When the field is finally complete, virtually every candidate – with the exception of Donald Trump – will have something to offer, even those who have no hope of gaining the nomination.
Marco Rubio is the most impressive of the senators running, and seems to be a quick study with a broad range of knowledge. Lindsay Graham has exactly one thing going for him – he’s serious about foreign policy – but even that’s something, and not nothing. Rand Paul whose deep unseriousness about foreign policy is nevertheless matched by equal deep feeling about liberty issues, something more applicable to the domestic sphere. Ted Cruz, for all of his lack of strategic thinking about the government shutdown, has argued and won cases before the US Supreme Court. Carly Fiorina and Ben Carson know something about business and health care, even if neither has any business in the Oval Office. Even Mike Huckabee and Rick Santorum, who are well outside my band-pass filters for acceptable presidential nominees, both have a talent for showing the interdependence of social and economic issues.
In some respects, this success is the outcome of a decades-long campaign by the national party to cultivate state legislative talent, and develop a strong farm system. The results have been high-water marks in both percentages of Republican state legislators nationally, and governors. Whether or not that farm system can be extended further down to the low minors of city councils and school boards remains to be seen, but that’s a topic for another day.
So what happens if a Republican wins in 2016? Typically, the response would be to look to the field of governors for executive talent, at the risk of robbing the farm system of its leadership. In some cases, that’s not a problem. A President-elect Perry could pick Scott Walker for his cabinet, knowing there was a popular Republican Lt. Governor behind him, and likewise, former governor Perry doesn’t have anything to do with Texas government any more.
But in other cases, it could be problematic. Many of the candidates are young, and in a position to run for Senate (or for re-election to the Senate), and accumulate experience and seniority. Cabinet positions are rarely springboards for further elective office.
What the Republicans could use is some way of making use of all this talent without pulling them away from their day jobs, or foreclosing options down the line. Is such a thing possible? President Obama has made liberal use of so-called “Czars,” but for all the sturm und drang surrounding these appointments that require no Congressional approval, it’s unclear what actual effect they’ve had. The real power continues to reside in the cabinet heads and the White House itself, which is as it should be. But it’s also possible that, as in the case of Valerie Jarrett, more influence is being exercised behind the scenes than we know about.
Of course, actual elected politicians won’t do anything like that without credit. Could such a system be formalized in the face of institutional turf-protections? And is it compatible with limited executive authority?

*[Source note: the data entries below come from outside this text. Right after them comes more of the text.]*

lemma sum_shuffles_two_singletons_last:
  assumes "1 \<le> k"
  shows "(\<Sum>\<sigma>\<in>{\<sigma> \<in> shuffles [k - 1, 1, 1]. \<sigma> k = k + 1}. F \<sigma>)
    = (\<Sum>i = 1..k. F (move_to_back i (k + 1)))"
  unfolding shuffles_two_singletons_last[OF assms]
  by (simp add: sum.reindex inj_on_subset[OF inj_move_to_back])

lemma cobracket_T_left_unfold:
  assumes "1 \<le> n"
  shows "cobracket sG br rhoL rhoR 1 (\<lambda>xs. T (hd xs)) n f vs =
    (let w = arg vs; s = (\<lambda>e::int. sG (of_int e)) in
       (\<Sum>\<sigma>\<in>shuffles [0, n]. s (- sign \<sigma>) (T (rhoL (f (map (w \<circ> \<sigma>) [1..<n+1])) (w (n+1)))))
     + (\<Sum>\<sigma>\<in>{\<sigma> \<in> shuffles [0, n, 1]. \<sigma> n = n + 1}.
          s (sign \<sigma>) (T (rhoR (f (map (w \<circ> \<sigma>) [1..<n+1])) (w (\<sigma> (n+1))))))
     + (\<Sum>\<sigma>\<in>shuffles [0, n - 1]. s (sign \<sigma>) (br (f (map (w \<circ> \<sigma>) [1..<n] @ [w n])) (T (w (n+1)))))
     + (\<Sum>\<sigma>\<in>shuffles [1, n - 1].
          s ((-1) ^ (n+1) * sign \<sigma>) (br (T (w (\<sigma> 1))) (f (map (w \<circ> \<sigma>) [2..<n+1] @ [w (n+1)]))))
     + (\<Sum>k\<in>{1..n}. \<Sum>\<sigma>\<in>shuffles [k - 1, 1].
          s ((-1) ^ (k+n-1) * sign \<sigma>)
            (f (map (w \<circ> \<sigma>) [1..<k] @ rhoL (T (w (\<sigma> k))) (w (k+1)) # map w [k+2..<n+2])))
     + (\<Sum>k\<in>{1..n}. \<Sum>\<sigma>\<in>{\<sigma> \<in> shuffles [k - 1, 1, 1]. \<sigma> k = k + 1}.
          s ((-1) ^ (k+n) * sign \<sigma>)
            (f (map (w \<circ> \<sigma>) [1..<k] @ rhoR (T (w (k+1))) (w (\<sigma> (k+1))) # map w [k+2..<n+2]))))"
  unfolding cobracket_def Let_def
  apply (intro arg_cong2[where f = "(+)"])
  subgoal by simp
  subgoal by simp
  subgoal using assms by simp
  subgoal by (simp add: numeral_2_eq_2)
  subgoal by (simp add: add.commute)
  subgoal by (simp add: add.commute)
  done
lemma integrand_bound_far:
  fixes a c0 C1 \<gamma> u0 u1 r t :: real
  assumes "a > 0" "0 < c0" "c0 \<le> u0" "0 < u1" "0 < C1" "0 \<le> r"
    and u1: "u1 \<le> C1 * (1 + r) powr (- \<gamma>) * exp r"
  shows "u0 powr (- a) * (u1 * exp (- t)) powr (1 + a)
     \<le> c0 powr (- a) * C1 powr (1 + a) * ((1 + r) powr (- (\<gamma> * (1 + a))) * exp ((1 + a) * (r - t)))"
proof -
  have u0_le: "u0 powr (- a) \<le> c0 powr (- a)"
    using assms(1-3) by (intro powr_mono2') auto
  have "u1 * exp (- t) \<le> C1 * (1 + r) powr (- \<gamma>) * exp r * exp (- t)"
    using u1 by (rule mult_right_mono) simp
  also have "\<dots> = C1 * (1 + r) powr (- \<gamma>) * exp (r - t)"
    by (simp add: mult.assoc flip: exp_add)
  finally have "(u1 * exp (- t)) powr (1 + a) \<le> (C1 * (1 + r) powr (- \<gamma>) * exp (r - t)) powr (1 + a)"
    using assms by (intro powr_mono2) auto
  also have "\<dots> = C1 powr (1 + a) * ((1 + r) powr (- \<gamma>)) powr (1 + a) * exp (r - t) powr (1 + a)"
    using assms by (simp add: powr_mult)
  also have "\<dots> = C1 powr (1 + a) * ((1 + r) powr (- (\<gamma> * (1 + a))) * exp ((1 + a) * (r - t)))"
    by (simp add: powr_powr exp_powr_real mult.commute mult.left_commute)
  finally show ?thesis
    using mult_mono[OF u0_le] by (simp add: mult.assoc)
qed
(* For every instance, a probability distribution $q$ on the tests is a memoryless schedule attaining $\mathrm{opt}_M\text{-}\mathrm{MAX}$ (the infimum over memoryless schedules of the common value $\mathrm{WMP}[q]=\mathrm{MWP}[q]=\mathrm{WEP}[q]=\max_e p_e/Q_e$) if and only if $q$ (together with some $z$) is an optimal solution of the linear program $$\text{maximize } z\quad\text{subject to } \frac{1}{p_e}\sum_{i:\,e\in s_i}q_i\ge z\ \ (e\in E),\quad q_i\ge 0\ \ (i\in[m]),\quad \sum_iq_i=1.$$
   Context: An instance consists of a finite set $E$ of elements with positive weights $(p_e)_{e\in E}$ normalized so that $\max_e p_e=1$, and $m$ tests; test $i\in[m]$ is a subset $s_i\subseteq E$. A memoryless schedule is a probability distribution $q$ on $[m]$; it generates a test sequence by drawing each test independently according to $q$. $Q_e=\sum_{i:e\in s_i}q_i$. Detection time $T(e,t)=\mathbb{E}[1+\min\{h\ge0:e\in s_{\sigma_{t+h}}\}]$; $\mathrm{WMP}=\sup_{e,t}p_eT(e,t)$, $\mathrm{WEP}=\max_e p_e\lim_H\frac1H\sum_{t\le H}T(e,t)$, $\mathrm{MWP}=\lim_H\frac1H\sum_{t\le H}\max_ep_eT(e,t)$. *)

theory Defs
  imports "HOL-Analysis.Analysis"
begin

text \<open>Tests are indexed by 0..<m; test i is the set s i.
  A memoryless schedule is a probability vector q on {0..<m}.\<close>

definition is_instance :: "'a set \<Rightarrow> ('a \<Rightarrow> real) \<Rightarrow> nat \<Rightarrow> (nat \<Rightarrow> 'a set) \<Rightarrow> bool" where
  "is_instance E p m s \<longleftrightarrow> finite E \<and> (\<forall>e\<in>E. 0 < p e) \<and> (\<forall>e\<in>E. p e \<le> 1)
     \<and> (\<exists>e\<in>E. p e = 1) \<and> (\<forall>i<m. s i \<subseteq> E)"

definition memoryless_schedule :: "nat \<Rightarrow> (nat \<Rightarrow> real) \<Rightarrow> bool" where
  "memoryless_schedule m q \<longleftrightarrow> (\<forall>i<m. 0 \<le> q i) \<and> (\<Sum>i<m. q i) = 1"

definition Qe :: "nat \<Rightarrow> (nat \<Rightarrow> 'a set) \<Rightarrow> (nat \<Rightarrow> real) \<Rightarrow> 'a \<Rightarrow> real" where
  "Qe m s q e = (\<Sum>i\<in>{i. i < m \<and> e \<in> s i}. q i)"

text \<open>The common value WMP = MWP = WEP of a memoryless schedule: max_e p_e / Q_e,
  with p_e / 0 = \<infinity> (element never tested).\<close>
definition memoryless_value ::
  "'a set \<Rightarrow> ('a \<Rightarrow> real) \<Rightarrow> nat \<Rightarrow> (nat \<Rightarrow> 'a set) \<Rightarrow> (nat \<Rightarrow> real) \<Rightarrow> ereal" where
  "memoryless_value E p m s q =
     (SUP e\<in>E. (if Qe m s q e = 0 then \<infinity> else ereal (p e / Qe m s q e)))"

definition opt_M_MAX :: "'a set \<Rightarrow> ('a \<Rightarrow> real) \<Rightarrow> nat \<Rightarrow> (nat \<Rightarrow> 'a set) \<Rightarrow> ereal" where
  "opt_M_MAX E p m s = (INF q\<in>{q. memoryless_schedule m q}. memoryless_value E p m s q)"

definition lp_feasible ::
  "'a set \<Rightarrow> ('a \<Rightarrow> real) \<Rightarrow> nat \<Rightarrow> (nat \<Rightarrow> 'a set) \<Rightarrow> (nat \<Rightarrow> real) \<Rightarrow> real \<Rightarrow> bool" where
  "lp_feasible E p m s q z \<longleftrightarrow>
     (\<forall>e\<in>E. (1 / p e) * (\<Sum>i\<in>{i. i < m \<and> e \<in> s i}. q i) \<ge> z)
     \<and> (\<forall>i<m. q i \<ge> 0) \<and> (\<Sum>i<m. q i) = 1"

definition lp_optimal ::
  "'a set \<Rightarrow> ('a \<Rightarrow> real) \<Rightarrow> nat \<Rightarrow> (nat \<Rightarrow> 'a set) \<Rightarrow> (nat \<Rightarrow> real) \<Rightarrow> real \<Rightarrow> bool" where
  "lp_optimal E p m s q z \<longleftrightarrow> lp_feasible E p m s q z \<and>
     (\<forall>q' z'. lp_feasible E p m s q' z' \<longrightarrow> z' \<le> z)"

end

theory Submission
  imports Defs
begin

text \<open>For a memoryless schedule q write c(q) = min_e Q_e / p_e; this is the largest z
  for which (q, z) satisfies the constraints of the linear program, so the program
  maximises c over schedules. Since p_e / Q_e is the inverse of Q_e / p_e (with
  p_e / 0 = \<infinity> matching the extended-real inverse of 0) and inversion is antitone on
  [0, \<infinity>], the memoryless value of q is the inverse of c(q). Inversion reflects the
  order on nonnegative numbers, hence q minimises the value iff it maximises c.\<close>

definition coverage :: "'a set \<Rightarrow> ('a \<Rightarrow> real) \<Rightarrow> nat \<Rightarrow> (nat \<Rightarrow> 'a set) \<Rightarrow> (nat \<Rightarrow> real) \<Rightarrow> real"
  where "coverage E p m s q = Min ((\<lambda>e. Qe m s q e / p e) ` E)"

lemma SUP_antimono_eq_Min:
  fixes g :: "'a::linorder \<Rightarrow> 'b::complete_lattice"
  assumes "finite A" "A \<noteq> {}" and antimono: "\<And>x y. x \<in> A \<Longrightarrow> y \<in> A \<Longrightarrow> x \<le> y \<Longrightarrow> g y \<le> g x"
  shows "(SUP x\<in>A. g x) = g (Min A)"
proof (rule antisym)
  have "Min A \<in> A" using assms(1,2) by (rule Min_in)
  then show "(SUP x\<in>A. g x) \<le> g (Min A)"
    using assms(1) by (auto intro!: SUP_least antimono)
  show "g (Min A) \<le> (SUP x\<in>A. g x)"
    using \<open>Min A \<in> A\<close> by (rule SUP_upper)
qed

lemma inverse_ereal_le_iff:
  assumes "0 \<le> x" "0 \<le> y"
  shows "inverse (ereal x) \<le> inverse (ereal y) \<longleftrightarrow> y \<le> x"
  using ereal_inverse_antimono[of "ereal y" "ereal x"] ereal_inverse_antimono_strict[of "ereal x" "ereal y"]
    assms by (auto simp del: inverse_ereal.simps simp: not_le[symmetric])

lemma Qe_nonneg:
  assumes "memoryless_schedule m q"
  shows "0 \<le> Qe m s q e"
  using assms unfolding memoryless_schedule_def Qe_def by (auto intro: sum_nonneg)

context
  fixes E :: "'a set" and p :: "'a \<Rightarrow> real" and m :: nat and s :: "nat \<Rightarrow> 'a set"
  assumes inst: "is_instance E p m s"
begin

lemma instance_finite: "finite E" and instance_nonempty: "E \<noteq> {}"
  and instance_weight_pos: "e \<in> E \<Longrightarrow> 0 < p e"
  using inst unfolding is_instance_def by auto

lemma coverage_le: "e \<in> E \<Longrightarrow> coverage E p m s q \<le> Qe m s q e / p e"
  unfolding coverage_def using instance_finite by auto

lemma coverage_attained: "\<exists>e\<in>E. coverage E p m s q = Qe m s q e / p e"
proof -
  have "coverage E p m s q \<in> (\<lambda>e. Qe m s q e / p e) ` E"
    unfolding coverage_def using instance_finite instance_nonempty by (intro Min_in) auto
  then show ?thesis by auto
qed

lemma coverage_nonneg: "memoryless_schedule m q \<Longrightarrow> 0 \<le> coverage E p m s q"
  using coverage_attained[of q] Qe_nonneg instance_weight_pos
  by (metis divide_nonneg_pos)

lemma memoryless_value_eq_inverse_coverage:
  assumes "memoryless_schedule m q"
  shows "memoryless_value E p m s q = inverse (ereal (coverage E p m s q))"
proof -
  have "memoryless_value E p m s q = (SUP e\<in>E. inverse (ereal (Qe m s q e / p e)))"
    unfolding memoryless_value_def using instance_weight_pos by (intro SUP_cong) force+
  also have "\<dots> = (SUP x\<in>(\<lambda>e. Qe m s q e / p e) ` E. inverse (ereal x))"
    by (simp only: image_image)
  also have "\<dots> = inverse (ereal (coverage E p m s q))"
    unfolding coverage_def
  proof (rule SUP_antimono_eq_Min)
    fix x y assume "x \<in> (\<lambda>e. Qe m s q e / p e) ` E" "x \<le> y"
    moreover have "0 \<le> Qe m s q e / p e" if "e \<in> E" for e
      using Qe_nonneg[OF assms] instance_weight_pos[OF that] by (rule divide_nonneg_pos)
    ultimately show "inverse (ereal y) \<le> inverse (ereal x)"
      by (auto intro: ereal_inverse_antimono simp del: inverse_ereal.simps)
  qed (use instance_finite instance_nonempty in auto)
  finally show ?thesis .
qed

lemma memoryless_value_le_iff:
  assumes "memoryless_schedule m q" "memoryless_schedule m q'"
  shows "memoryless_value E p m s q \<le> memoryless_value E p m s q'
           \<longleftrightarrow> coverage E p m s q' \<le> coverage E p m s q"
  using assms by (simp add: memoryless_value_eq_inverse_coverage coverage_nonneg inverse_ereal_le_iff
      del: inverse_ereal.simps)

lemma lp_feasible_iff:
  "lp_feasible E p m s q z \<longleftrightarrow> memoryless_schedule m q \<and> z \<le> coverage E p m s q"
proof -
  have "(\<forall>e\<in>E. z \<le> Qe m s q e / p e) \<longleftrightarrow> z \<le> coverage E p m s q"
    using coverage_le coverage_attained[of q] by (metis order_trans)
  then show ?thesis
    unfolding lp_feasible_def memoryless_schedule_def Qe_def by auto
qed

lemma lp_optimal_iff:
  "(\<exists>z. lp_optimal E p m s q z) \<longleftrightarrow> memoryless_schedule m q
     \<and> (\<forall>q'. memoryless_schedule m q' \<longrightarrow> coverage E p m s q' \<le> coverage E p m s q)"
  unfolding lp_optimal_def lp_feasible_iff by (meson order.refl order.trans)

end

lemma INF_eq_iff_minimum:
  fixes f :: "'a \<Rightarrow> 'b::complete_lattice"
  assumes "x \<in> A"
  shows "f x = (INF y\<in>A. f y) \<longleftrightarrow> (\<forall>y\<in>A. f x \<le> f y)"
  using assms by (metis INF_greatest INF_lower antisym)

theorem theorem2:
  fixes E :: "'a set" and p :: "'a \<Rightarrow> real" and m :: nat and s :: "nat \<Rightarrow> 'a set"
    and q :: "nat \<Rightarrow> real"
  assumes "is_instance E p m s"
  shows "(memoryless_schedule m q \<and> memoryless_value E p m s q = opt_M_MAX E p m s)
         \<longleftrightarrow> (\<exists>z. lp_optimal E p m s q z)"
proof (cases "memoryless_schedule m q")
  case True
  then have "memoryless_value E p m s q = opt_M_MAX E p m s
      \<longleftrightarrow> (\<forall>q'. memoryless_schedule m q' \<longrightarrow> coverage E p m s q' \<le> coverage E p m s q)"
    unfolding opt_M_MAX_def
    by (simp add: INF_eq_iff_minimum memoryless_value_le_iff[OF assms])
  with True show ?thesis
    by (simp add: lp_optimal_iff[OF assms])
next
  case False
  then show ?thesis by (simp add: lp_optimal_iff[OF assms])
qed

end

Probably and I could see it taking a number of different forms. The National Governors Association or the Republican Governors Association could be asked to elect regional representatives (if indeed they already don’t). The NGA already has policy committees for federal relations; while those currently represent state interests, perhaps they could be given a higher profile, turned over the term-limited governors who are looking for public successes and Washington experience in advance of the next elective step.
The legislative side may be a little trickier. The Senate was jealous of its privileges, at least before Harry Reid tried to turn it into an extension of the Executive Branch, and a healthy return to Constitutionality would have respect, if not encourage Congressional independence. Committee chairmen don’t like being bypassed, and may well just ignore weak liaisons. And in any case, Senators are largely Made Men in this operation, have no term limits, and can, if so inclined, grandstand their way to at least temporary prominence. But if the president persists, access to the White House or the relevant bureaucracies, and insight into the regulatory processes, can create power independent of the committee gavels. As in show business, Senators don’t have to like each other, they just have to work together.
These ideas hardly exhaust the possibilities, but they’re a start. They’d take a president supremely confident in his own abilities to lead, not only his cabinet, but also people who ran against him for the job, and who still harbor ambitions of their own, and someone capable of keeping those personalities in line.
Add that to the list of necessary qualifications when you’re deciding who to support in the primaries.
There hasn’t been a Triple Crown winner since 1978, when Affirmed and Alydar finished 1-2 in all three races? Since then, there have been 13 horses who have won both the Kentucky Derby and the Preakness, only to come up short in the Belmont. This year, American Pharaoh will either become the 12th Triple Crown winner, or the 14th recent near-miss.
Why has it been so long – 37 years and counting – since a horse was able to pull off the feat?
In part, it’s because of the variety of circumstances a horse must win in. The races are different lengths, with different-sized fields, often raced under very different conditions.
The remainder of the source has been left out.